(* Let $\Gamma=(G,\sigma)$, $G=(V,E)$, be a signed graph and $f:V\to\mathbb R$ a function not identically zero. Then for any three pairwise distinct weak nodal domains $D_1,D_2,D_3$ of $f$, $D_1\cap D_2\cap D_3=\emptyset$ (as vertex sets).
   Context: A signed graph is a finite simple undirected graph $G=(V,E)$ with $\sigma:E\to\{+1,-1\}$. A walk is $y_1,\dots,y_m$ ($m\ge2$) with consecutive vertices adjacent. For $f:V\to\mathbb R$, a W-walk of $f$ is a walk such that for any two consecutive nonzeros $y_i,y_j$ along it ($i<j$, $f(y_i)\ne0\ne f(y_j)$, $f(y_l)=0$ for $i<l<j$) one has $f(y_i)\sigma_{y_iy_{i+1}}\cdots\sigma_{y_{j-1}y_j}f(y_j)>0$. On $\Omega=\{x:f(x)\ne0\}$ the relation "$x=y$ or a W-walk connects $x$ and $y$" is an equivalence relation with classes $W_1,\dots,W_q$; the weak nodal domains of $f$ are the induced subgraphs on $W_i^0=W_i\cup\{x\in V:\text{there is a W-walk from } x \text{ to some vertex of } W_i\}$. *)

theory Defs
  imports Complex_Main
begin

definition signed_graph :: "'a set \<Rightarrow> 'a set set \<Rightarrow> ('a set \<Rightarrow> real) \<Rightarrow> bool" where
  "signed_graph V E \<sigma> \<longleftrightarrow> finite V \<and>
     (\<forall>e\<in>E. \<exists>u v. u \<in> V \<and> v \<in> V \<and> u \<noteq> v \<and> e = {u, v}) \<and>
     (\<forall>e\<in>E. \<sigma> e = 1 \<or> \<sigma> e = -1)"

definition is_walk :: "'a set set \<Rightarrow> 'a list \<Rightarrow> bool" where
  "is_walk E ys \<longleftrightarrow> length ys \<ge> 2 \<and>
     (\<forall>k. Suc k < length ys \<longrightarrow> {ys ! k, ys ! Suc k} \<in> E)"

definition is_W_walk :: "'a set set \<Rightarrow> ('a set \<Rightarrow> real) \<Rightarrow> ('a \<Rightarrow> real) \<Rightarrow> 'a list \<Rightarrow> bool" where
  "is_W_walk E \<sigma> f ys \<longleftrightarrow> is_walk E ys \<and>
     (\<forall>i j. i < j \<and> j < length ys \<and> f (ys ! i) \<noteq> 0 \<and> f (ys ! j) \<noteq> 0 \<and>
        (\<forall>l. i < l \<and> l < j \<longrightarrow> f (ys ! l) = 0) \<longrightarrow>
        f (ys ! i) * (\<Prod>k\<in>{i..<j}. \<sigma> {ys ! k, ys ! Suc k}) * f (ys ! j) > 0)"

definition W_connected :: "'a set set \<Rightarrow> ('a set \<Rightarrow> real) \<Rightarrow> ('a \<Rightarrow> real) \<Rightarrow> 'a \<Rightarrow> 'a \<Rightarrow> bool" where
  "W_connected E \<sigma> f x y \<longleftrightarrow> (\<exists>ys. is_W_walk E \<sigma> f ys \<and> hd ys = x \<and> last ys = y)"

definition nonzero_set :: "'a set \<Rightarrow> ('a \<Rightarrow> real) \<Rightarrow> 'a set" where
  "nonzero_set V f = {x \<in> V. f x \<noteq> 0}"

definition W_rel :: "'a set \<Rightarrow> 'a set set \<Rightarrow> ('a set \<Rightarrow> real) \<Rightarrow> ('a \<Rightarrow> real) \<Rightarrow> ('a \<times> 'a) set" where
  "W_rel V E \<sigma> f = {(x, y). x \<in> nonzero_set V f \<and> y \<in> nonzero_set V f \<and>
       (x = y \<or> W_connected E \<sigma> f x y)}"

definition W_classes :: "'a set \<Rightarrow> 'a set set \<Rightarrow> ('a set \<Rightarrow> real) \<Rightarrow> ('a \<Rightarrow> real) \<Rightarrow> 'a set set" where
  "W_classes V E \<sigma> f = nonzero_set V f // W_rel V E \<sigma> f"

definition W_closure :: "'a set \<Rightarrow> 'a set set \<Rightarrow> ('a set \<Rightarrow> real) \<Rightarrow> ('a \<Rightarrow> real) \<Rightarrow> 'a set \<Rightarrow> 'a set" where
  "W_closure V E \<sigma> f W = W \<union> {x \<in> V. \<exists>y\<in>W. W_connected E \<sigma> f x y}"

definition weak_nodal_domains :: "'a set \<Rightarrow> 'a set set \<Rightarrow> ('a set \<Rightarrow> real) \<Rightarrow> ('a \<Rightarrow> real) \<Rightarrow> 'a set set" where
  "weak_nodal_domains V E \<sigma> f = W_closure V E \<sigma> f ` W_classes V E \<sigma> f"

end

theory Submission
  imports Defs
begin

text \<open>A vertex z with f z \<noteq> 0 lies in the weak nodal domain of its own class only, because a
  nonzero vertex W-connected to a class belongs to it. If f z = 0, every weak nodal domain through z
  is reached from z by a walk on which f vanishes until its last vertex w; call the product of the
  edge signs along the walk times f w its transport. Two such walks whose transports have the same
  sign form, after reversing one and concatenating, a W-walk between their endpoints, so they lead
  to the same domain. Among the transports of three walks, two have the same sign.\<close>

lemma take_butlast_append:
  assumes "xs \<noteq> []" "ys \<noteq> []" "last xs = hd ys"
  shows "take (length xs) (butlast xs @ ys) = xs"
  using assms by (cases xs rule: rev_cases; cases ys) auto

lemma drop_butlast_append: "xs \<noteq> [] \<Longrightarrow> drop (length xs - 1) (butlast xs @ ys) = ys"
  by simp

definition walk_sign :: "('a set \<Rightarrow> real) \<Rightarrow> 'a list \<Rightarrow> nat \<Rightarrow> nat \<Rightarrow> real" where
  "walk_sign \<sigma> ys i j = (\<Prod>k\<in>{i..<j}. \<sigma> {ys ! k, ys ! Suc k})"

lemma walk_sign_take:
  assumes "j < n"
  shows "walk_sign \<sigma> (take n ys) i j = walk_sign \<sigma> ys i j"
  unfolding walk_sign_def using assms by (intro prod.cong) auto

lemma walk_sign_drop:
  assumes "p \<le> length ys"
  shows "walk_sign \<sigma> (drop p ys) i j = walk_sign \<sigma> ys (p + i) (p + j)"
  unfolding walk_sign_def
  using assms prod.shift_bounds_nat_ivl[of "\<lambda>k. \<sigma> {ys ! k, ys ! Suc k}" i p j]
  by (simp add: add.commute)

lemma walk_sign_split:
  assumes "i \<le> k" "k \<le> j"
  shows "walk_sign \<sigma> ys i j = walk_sign \<sigma> ys i k * walk_sign \<sigma> ys k j"
  unfolding walk_sign_def using assms by (simp add: prod.atLeastLessThan_concat)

■ ■ ■ ■ ■ ■ ■

Aim of the exercise. Find where the line with "ys \<ge> 2 \<and>" sits in the material above, then copy exactly from it through the line with "(\<forall>l. i <". Add no other line.

Result.
  "is_walk E ys \<longleftrightarrow> length ys \<ge> 2 \<and>
     (\<forall>k. Suc k < length ys \<longrightarrow> {ys ! k, ys ! Suc k} \<in> E)"

definition is_W_walk :: "'a set set \<Rightarrow> ('a set \<Rightarrow> real) \<Rightarrow> ('a \<Rightarrow> real) \<Rightarrow> 'a list \<Rightarrow> bool" where
  "is_W_walk E \<sigma> f ys \<longleftrightarrow> is_walk E ys \<and>
     (\<forall>i j. i < j \<and> j < length ys \<and> f (ys ! i) \<noteq> 0 \<and> f (ys ! j) \<noteq> 0 \<and>
        (\<forall>l. i < l \<and> l < j \<longrightarrow> f (ys ! l) = 0) \<longrightarrow>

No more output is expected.